*** Opening of LISTED ENTRIES ***

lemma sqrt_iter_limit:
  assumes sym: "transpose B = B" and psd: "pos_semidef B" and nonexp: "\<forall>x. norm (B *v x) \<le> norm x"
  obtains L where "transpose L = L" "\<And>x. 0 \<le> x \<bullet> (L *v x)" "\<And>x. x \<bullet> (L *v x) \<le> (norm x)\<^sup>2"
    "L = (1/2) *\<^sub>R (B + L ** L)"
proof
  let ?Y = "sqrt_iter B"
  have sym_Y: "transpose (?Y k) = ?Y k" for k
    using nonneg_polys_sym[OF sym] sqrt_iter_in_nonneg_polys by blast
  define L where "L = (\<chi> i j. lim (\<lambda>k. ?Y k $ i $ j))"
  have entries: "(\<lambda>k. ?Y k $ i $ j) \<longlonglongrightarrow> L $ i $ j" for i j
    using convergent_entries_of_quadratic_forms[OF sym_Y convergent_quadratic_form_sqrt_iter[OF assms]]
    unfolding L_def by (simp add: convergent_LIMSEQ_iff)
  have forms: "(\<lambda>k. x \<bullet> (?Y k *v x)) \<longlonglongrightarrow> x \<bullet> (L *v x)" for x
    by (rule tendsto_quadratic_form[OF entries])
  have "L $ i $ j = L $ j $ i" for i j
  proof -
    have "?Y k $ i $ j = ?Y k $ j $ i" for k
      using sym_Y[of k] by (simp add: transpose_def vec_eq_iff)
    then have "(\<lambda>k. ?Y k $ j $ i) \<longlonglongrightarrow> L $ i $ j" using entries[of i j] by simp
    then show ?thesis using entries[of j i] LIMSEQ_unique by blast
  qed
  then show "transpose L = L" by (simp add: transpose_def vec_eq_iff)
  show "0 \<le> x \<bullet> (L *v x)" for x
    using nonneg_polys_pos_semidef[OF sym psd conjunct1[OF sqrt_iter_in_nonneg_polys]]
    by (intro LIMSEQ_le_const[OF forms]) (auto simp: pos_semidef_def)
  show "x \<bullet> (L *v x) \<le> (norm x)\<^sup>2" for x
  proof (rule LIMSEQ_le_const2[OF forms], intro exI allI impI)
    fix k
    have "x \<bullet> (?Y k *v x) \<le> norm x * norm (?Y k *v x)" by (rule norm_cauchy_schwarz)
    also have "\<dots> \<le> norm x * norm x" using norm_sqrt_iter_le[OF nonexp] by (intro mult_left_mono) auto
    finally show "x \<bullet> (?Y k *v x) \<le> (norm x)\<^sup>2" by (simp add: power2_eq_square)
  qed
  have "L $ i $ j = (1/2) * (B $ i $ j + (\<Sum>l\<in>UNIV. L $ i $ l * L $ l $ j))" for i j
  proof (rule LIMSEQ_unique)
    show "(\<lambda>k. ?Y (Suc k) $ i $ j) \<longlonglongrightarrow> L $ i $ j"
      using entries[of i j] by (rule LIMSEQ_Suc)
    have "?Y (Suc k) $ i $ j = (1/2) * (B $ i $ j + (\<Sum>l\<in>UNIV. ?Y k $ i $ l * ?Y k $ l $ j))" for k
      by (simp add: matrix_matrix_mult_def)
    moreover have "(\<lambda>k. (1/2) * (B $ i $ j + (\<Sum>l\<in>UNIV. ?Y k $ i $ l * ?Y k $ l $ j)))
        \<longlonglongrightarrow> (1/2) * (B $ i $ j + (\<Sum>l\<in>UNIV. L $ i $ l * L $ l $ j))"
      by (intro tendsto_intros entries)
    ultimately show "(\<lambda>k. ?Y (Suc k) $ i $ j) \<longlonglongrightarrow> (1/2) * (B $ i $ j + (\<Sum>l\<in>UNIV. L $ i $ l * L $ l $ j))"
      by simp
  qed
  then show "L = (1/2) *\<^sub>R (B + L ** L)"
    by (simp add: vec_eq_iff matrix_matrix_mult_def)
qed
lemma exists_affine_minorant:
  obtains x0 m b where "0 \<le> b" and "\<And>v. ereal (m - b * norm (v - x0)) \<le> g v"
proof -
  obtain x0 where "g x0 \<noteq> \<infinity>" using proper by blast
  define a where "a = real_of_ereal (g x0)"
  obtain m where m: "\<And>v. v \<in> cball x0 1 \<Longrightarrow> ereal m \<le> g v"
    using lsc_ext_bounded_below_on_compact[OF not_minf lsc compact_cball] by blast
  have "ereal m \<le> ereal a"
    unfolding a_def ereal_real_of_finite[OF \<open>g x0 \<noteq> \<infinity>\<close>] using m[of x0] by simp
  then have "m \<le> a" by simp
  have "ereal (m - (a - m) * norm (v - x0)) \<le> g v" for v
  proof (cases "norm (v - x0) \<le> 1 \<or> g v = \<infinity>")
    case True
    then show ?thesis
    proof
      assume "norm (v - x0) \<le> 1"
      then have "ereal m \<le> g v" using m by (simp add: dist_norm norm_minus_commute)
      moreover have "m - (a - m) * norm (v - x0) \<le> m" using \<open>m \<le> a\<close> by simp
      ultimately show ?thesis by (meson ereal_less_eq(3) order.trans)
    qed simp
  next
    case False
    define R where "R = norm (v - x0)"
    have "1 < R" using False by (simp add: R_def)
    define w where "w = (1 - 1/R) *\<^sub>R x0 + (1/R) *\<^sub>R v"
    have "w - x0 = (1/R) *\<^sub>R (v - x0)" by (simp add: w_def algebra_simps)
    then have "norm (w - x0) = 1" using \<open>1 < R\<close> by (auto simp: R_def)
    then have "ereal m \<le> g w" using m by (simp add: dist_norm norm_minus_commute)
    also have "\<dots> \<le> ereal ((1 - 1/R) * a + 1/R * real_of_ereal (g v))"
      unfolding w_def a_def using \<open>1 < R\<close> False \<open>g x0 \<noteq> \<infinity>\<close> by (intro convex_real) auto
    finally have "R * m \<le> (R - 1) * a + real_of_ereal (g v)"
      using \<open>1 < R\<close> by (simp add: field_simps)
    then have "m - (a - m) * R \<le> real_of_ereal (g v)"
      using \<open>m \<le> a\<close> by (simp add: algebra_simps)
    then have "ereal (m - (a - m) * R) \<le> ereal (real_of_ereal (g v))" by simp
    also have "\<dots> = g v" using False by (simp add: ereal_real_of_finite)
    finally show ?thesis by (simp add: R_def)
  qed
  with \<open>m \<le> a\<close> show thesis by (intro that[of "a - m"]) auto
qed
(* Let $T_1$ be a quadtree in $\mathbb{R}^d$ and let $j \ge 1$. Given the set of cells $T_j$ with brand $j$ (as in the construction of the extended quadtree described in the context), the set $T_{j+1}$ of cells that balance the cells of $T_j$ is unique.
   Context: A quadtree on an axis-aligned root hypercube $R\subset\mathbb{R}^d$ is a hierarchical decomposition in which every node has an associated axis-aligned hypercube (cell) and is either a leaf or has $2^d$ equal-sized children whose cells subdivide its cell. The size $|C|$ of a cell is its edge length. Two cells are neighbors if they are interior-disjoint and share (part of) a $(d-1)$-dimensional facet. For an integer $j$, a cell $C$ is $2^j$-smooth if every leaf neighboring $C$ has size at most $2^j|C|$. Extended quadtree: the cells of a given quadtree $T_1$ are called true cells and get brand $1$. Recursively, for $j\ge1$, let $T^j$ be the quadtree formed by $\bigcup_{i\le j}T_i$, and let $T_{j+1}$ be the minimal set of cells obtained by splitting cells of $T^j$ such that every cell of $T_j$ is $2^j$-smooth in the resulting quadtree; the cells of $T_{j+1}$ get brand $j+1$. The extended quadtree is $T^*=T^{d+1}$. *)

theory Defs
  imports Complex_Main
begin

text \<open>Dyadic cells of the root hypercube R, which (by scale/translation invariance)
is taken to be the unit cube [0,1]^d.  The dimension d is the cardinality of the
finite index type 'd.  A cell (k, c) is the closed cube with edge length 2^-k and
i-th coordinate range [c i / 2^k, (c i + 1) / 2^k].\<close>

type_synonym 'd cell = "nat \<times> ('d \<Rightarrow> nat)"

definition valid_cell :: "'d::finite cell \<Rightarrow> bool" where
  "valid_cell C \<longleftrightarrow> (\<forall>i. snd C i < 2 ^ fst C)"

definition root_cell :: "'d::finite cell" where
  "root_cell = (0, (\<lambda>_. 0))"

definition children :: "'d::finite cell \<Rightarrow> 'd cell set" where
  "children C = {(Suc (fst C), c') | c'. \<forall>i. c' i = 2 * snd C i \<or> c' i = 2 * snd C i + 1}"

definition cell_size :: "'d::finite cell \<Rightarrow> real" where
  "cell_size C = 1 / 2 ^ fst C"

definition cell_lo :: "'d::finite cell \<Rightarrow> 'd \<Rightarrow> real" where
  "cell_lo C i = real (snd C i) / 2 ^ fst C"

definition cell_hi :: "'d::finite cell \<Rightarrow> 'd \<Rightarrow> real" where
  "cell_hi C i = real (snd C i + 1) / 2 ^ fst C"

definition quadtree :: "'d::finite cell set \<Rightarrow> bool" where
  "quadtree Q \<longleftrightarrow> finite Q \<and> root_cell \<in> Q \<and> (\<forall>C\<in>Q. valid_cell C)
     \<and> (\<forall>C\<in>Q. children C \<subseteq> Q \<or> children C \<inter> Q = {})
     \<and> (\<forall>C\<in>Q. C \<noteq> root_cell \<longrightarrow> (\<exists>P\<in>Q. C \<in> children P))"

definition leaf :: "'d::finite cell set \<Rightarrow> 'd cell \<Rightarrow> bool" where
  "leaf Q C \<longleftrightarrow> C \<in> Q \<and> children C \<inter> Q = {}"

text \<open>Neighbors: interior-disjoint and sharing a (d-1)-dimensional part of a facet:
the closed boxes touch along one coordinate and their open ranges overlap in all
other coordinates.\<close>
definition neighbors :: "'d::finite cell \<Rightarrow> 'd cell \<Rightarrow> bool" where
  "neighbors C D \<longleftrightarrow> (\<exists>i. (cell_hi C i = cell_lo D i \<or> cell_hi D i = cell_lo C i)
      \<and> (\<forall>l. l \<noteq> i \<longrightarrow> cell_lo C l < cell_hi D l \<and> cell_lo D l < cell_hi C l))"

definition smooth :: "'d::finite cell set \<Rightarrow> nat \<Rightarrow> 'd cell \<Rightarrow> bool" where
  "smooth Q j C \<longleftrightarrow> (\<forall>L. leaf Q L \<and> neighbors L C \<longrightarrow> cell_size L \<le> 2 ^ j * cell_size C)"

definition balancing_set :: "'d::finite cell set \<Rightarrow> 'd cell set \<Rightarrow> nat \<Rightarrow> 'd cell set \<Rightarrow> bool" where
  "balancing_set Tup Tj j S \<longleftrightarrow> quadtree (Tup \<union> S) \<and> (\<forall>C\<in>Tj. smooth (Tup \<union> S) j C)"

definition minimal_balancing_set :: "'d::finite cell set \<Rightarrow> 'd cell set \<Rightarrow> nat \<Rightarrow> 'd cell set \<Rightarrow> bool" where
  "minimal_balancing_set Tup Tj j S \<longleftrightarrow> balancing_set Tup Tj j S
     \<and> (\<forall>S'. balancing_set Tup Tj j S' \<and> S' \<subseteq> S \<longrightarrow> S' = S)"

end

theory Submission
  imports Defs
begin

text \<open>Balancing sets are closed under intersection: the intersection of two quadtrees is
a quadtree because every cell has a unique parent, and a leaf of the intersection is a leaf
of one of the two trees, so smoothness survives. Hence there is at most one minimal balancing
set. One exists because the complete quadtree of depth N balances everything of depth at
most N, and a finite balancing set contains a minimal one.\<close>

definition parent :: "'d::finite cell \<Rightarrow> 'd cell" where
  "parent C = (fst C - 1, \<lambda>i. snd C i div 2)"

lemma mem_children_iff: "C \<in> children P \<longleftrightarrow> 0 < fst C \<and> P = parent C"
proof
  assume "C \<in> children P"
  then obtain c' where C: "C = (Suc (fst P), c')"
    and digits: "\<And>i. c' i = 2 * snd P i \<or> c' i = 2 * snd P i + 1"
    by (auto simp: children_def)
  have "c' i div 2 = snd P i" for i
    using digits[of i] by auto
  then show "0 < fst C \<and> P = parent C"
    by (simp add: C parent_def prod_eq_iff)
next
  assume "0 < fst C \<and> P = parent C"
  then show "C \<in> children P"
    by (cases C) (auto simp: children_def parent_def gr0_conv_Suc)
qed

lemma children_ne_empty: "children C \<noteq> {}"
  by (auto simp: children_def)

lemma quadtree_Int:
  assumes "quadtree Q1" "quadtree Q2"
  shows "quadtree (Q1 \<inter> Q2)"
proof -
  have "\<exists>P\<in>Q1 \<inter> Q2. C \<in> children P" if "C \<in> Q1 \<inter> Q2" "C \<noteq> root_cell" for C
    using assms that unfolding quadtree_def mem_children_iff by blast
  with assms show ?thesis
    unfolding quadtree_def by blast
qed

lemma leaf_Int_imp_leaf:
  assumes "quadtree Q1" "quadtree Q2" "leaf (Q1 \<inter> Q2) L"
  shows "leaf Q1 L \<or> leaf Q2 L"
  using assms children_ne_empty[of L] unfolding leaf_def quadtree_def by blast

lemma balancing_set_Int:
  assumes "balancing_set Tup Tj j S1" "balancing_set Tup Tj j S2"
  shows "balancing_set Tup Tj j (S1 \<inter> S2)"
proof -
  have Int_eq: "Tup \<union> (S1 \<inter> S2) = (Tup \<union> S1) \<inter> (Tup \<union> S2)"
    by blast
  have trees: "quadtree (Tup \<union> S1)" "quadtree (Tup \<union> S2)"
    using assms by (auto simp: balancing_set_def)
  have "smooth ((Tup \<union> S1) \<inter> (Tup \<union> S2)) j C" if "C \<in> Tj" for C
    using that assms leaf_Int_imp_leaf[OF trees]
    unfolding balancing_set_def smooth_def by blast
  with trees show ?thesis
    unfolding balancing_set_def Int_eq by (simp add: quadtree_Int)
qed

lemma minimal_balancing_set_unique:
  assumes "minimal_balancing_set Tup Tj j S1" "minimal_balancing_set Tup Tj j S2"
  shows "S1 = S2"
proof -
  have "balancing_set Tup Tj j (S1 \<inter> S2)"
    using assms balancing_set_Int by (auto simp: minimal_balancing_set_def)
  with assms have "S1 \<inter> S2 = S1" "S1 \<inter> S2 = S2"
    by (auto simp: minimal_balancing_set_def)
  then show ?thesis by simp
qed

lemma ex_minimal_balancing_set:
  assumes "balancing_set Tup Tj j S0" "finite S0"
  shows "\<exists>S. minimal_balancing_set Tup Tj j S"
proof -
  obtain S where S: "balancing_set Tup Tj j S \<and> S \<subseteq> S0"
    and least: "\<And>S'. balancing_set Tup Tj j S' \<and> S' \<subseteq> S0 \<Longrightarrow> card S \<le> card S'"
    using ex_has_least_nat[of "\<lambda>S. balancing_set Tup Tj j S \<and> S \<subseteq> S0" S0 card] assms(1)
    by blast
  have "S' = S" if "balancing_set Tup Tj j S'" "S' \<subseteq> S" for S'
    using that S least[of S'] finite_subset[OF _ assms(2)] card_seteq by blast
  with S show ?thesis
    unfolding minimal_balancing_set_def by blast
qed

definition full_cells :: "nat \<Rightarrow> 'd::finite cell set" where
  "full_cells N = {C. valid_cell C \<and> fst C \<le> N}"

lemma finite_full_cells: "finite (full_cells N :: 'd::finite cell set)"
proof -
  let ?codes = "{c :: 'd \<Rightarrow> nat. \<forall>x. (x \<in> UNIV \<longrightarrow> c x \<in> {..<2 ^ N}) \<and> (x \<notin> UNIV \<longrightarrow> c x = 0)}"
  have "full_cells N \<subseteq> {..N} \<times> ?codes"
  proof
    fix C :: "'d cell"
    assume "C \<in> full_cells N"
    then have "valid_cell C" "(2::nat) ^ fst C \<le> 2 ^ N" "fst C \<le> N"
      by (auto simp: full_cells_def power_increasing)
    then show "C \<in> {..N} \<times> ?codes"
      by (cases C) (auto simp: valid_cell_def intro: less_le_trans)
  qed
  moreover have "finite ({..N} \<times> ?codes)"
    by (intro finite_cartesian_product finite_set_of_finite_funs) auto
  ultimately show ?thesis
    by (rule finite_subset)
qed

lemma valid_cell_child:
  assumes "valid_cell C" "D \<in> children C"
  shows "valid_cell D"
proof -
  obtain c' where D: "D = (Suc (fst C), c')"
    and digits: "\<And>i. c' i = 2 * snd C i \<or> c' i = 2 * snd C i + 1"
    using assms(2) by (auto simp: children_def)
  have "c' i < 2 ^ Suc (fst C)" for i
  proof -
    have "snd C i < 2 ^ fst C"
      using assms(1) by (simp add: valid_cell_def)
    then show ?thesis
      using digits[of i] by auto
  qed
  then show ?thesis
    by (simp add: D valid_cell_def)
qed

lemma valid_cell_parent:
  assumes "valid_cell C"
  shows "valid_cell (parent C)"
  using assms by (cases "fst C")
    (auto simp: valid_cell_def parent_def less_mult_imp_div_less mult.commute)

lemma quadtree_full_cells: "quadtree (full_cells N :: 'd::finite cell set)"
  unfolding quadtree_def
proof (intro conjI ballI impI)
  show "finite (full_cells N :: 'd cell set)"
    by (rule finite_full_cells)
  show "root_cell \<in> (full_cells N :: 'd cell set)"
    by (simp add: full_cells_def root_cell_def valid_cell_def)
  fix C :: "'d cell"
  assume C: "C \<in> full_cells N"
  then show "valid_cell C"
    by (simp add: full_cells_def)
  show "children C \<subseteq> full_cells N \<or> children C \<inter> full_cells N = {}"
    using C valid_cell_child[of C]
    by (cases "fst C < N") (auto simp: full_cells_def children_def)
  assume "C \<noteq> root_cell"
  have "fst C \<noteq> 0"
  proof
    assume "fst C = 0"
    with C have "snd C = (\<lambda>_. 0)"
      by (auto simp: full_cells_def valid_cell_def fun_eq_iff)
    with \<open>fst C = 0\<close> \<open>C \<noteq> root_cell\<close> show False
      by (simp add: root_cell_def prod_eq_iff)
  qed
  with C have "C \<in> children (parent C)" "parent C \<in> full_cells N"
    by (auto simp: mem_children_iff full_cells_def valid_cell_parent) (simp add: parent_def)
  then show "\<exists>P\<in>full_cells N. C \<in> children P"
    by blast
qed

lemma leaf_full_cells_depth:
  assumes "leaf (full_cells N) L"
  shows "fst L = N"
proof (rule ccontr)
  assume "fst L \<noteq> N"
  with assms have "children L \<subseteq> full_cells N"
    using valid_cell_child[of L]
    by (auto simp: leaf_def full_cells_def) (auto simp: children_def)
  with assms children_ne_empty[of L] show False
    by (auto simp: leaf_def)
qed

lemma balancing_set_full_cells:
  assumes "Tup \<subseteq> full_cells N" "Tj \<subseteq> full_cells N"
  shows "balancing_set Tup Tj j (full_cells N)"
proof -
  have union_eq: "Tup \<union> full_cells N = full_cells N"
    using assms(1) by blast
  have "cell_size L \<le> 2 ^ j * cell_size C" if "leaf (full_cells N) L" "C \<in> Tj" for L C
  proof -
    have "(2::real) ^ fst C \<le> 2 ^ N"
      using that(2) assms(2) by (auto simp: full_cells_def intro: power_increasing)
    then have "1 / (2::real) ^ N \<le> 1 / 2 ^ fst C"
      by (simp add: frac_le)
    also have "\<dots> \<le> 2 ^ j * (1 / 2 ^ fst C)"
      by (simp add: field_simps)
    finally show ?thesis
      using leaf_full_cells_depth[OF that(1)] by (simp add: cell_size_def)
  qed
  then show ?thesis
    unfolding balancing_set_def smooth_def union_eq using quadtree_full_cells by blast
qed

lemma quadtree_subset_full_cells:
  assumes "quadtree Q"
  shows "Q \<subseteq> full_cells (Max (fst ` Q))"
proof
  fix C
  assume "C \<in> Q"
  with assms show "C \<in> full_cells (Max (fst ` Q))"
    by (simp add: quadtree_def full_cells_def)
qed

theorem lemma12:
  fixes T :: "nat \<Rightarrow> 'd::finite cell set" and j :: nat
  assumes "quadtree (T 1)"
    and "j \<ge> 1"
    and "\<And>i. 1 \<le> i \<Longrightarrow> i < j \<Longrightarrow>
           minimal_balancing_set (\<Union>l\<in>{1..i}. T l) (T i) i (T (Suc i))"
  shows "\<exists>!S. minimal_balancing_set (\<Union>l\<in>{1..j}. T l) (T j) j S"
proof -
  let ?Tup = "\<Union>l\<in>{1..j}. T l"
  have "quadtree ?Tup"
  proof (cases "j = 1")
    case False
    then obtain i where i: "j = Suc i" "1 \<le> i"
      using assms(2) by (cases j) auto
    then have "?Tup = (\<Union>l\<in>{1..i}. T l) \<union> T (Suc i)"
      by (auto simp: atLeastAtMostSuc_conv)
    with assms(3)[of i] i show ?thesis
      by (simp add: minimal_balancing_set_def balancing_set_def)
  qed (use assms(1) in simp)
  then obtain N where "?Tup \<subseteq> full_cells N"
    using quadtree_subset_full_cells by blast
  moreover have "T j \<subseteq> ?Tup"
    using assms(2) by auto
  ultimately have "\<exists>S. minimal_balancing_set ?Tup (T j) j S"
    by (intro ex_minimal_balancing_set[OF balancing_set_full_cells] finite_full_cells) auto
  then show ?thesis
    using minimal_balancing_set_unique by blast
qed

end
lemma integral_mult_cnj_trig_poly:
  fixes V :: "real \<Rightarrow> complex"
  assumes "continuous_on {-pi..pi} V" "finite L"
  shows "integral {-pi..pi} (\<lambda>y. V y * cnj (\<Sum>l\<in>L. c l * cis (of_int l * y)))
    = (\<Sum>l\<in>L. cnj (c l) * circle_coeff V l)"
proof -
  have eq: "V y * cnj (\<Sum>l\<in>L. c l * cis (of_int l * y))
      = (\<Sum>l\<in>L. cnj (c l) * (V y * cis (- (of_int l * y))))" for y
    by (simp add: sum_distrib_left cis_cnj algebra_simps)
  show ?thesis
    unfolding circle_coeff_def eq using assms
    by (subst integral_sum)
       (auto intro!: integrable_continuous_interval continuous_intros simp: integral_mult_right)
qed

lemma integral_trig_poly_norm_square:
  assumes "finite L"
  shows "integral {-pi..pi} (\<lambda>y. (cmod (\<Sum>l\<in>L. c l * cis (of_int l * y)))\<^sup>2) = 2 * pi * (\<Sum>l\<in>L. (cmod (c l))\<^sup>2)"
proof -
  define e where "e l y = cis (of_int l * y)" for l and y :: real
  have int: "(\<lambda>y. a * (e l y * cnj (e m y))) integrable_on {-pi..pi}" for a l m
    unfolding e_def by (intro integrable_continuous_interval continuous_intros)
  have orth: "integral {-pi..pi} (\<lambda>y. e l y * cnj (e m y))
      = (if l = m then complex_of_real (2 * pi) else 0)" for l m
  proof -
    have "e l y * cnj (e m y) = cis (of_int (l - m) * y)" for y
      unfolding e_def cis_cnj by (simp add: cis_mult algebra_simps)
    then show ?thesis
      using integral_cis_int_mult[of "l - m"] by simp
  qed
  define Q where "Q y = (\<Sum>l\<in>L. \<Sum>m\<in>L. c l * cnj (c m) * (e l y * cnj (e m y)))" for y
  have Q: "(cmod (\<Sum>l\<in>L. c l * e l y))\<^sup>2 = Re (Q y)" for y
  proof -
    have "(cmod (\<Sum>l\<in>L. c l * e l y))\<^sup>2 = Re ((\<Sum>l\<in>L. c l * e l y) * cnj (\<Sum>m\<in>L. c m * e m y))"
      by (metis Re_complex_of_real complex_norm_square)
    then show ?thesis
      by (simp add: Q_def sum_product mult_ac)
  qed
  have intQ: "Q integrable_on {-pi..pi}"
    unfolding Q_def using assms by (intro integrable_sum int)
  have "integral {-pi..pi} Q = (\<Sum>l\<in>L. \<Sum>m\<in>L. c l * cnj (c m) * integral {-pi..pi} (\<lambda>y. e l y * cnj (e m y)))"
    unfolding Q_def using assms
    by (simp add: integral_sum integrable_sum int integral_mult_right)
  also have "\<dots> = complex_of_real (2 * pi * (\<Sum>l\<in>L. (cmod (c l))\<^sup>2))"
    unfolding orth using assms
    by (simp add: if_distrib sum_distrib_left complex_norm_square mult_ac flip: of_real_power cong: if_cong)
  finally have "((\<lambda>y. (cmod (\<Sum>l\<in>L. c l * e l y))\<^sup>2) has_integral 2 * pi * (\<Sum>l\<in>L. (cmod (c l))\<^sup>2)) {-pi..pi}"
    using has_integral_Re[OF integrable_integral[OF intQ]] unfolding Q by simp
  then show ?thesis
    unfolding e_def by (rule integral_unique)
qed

*** Close of LISTED ENTRIES ***

_PROBLEM REQUIREMENTS_
Scan the data above and state how many of its lines contain the string "orth", with no other content.

_RESULT_
2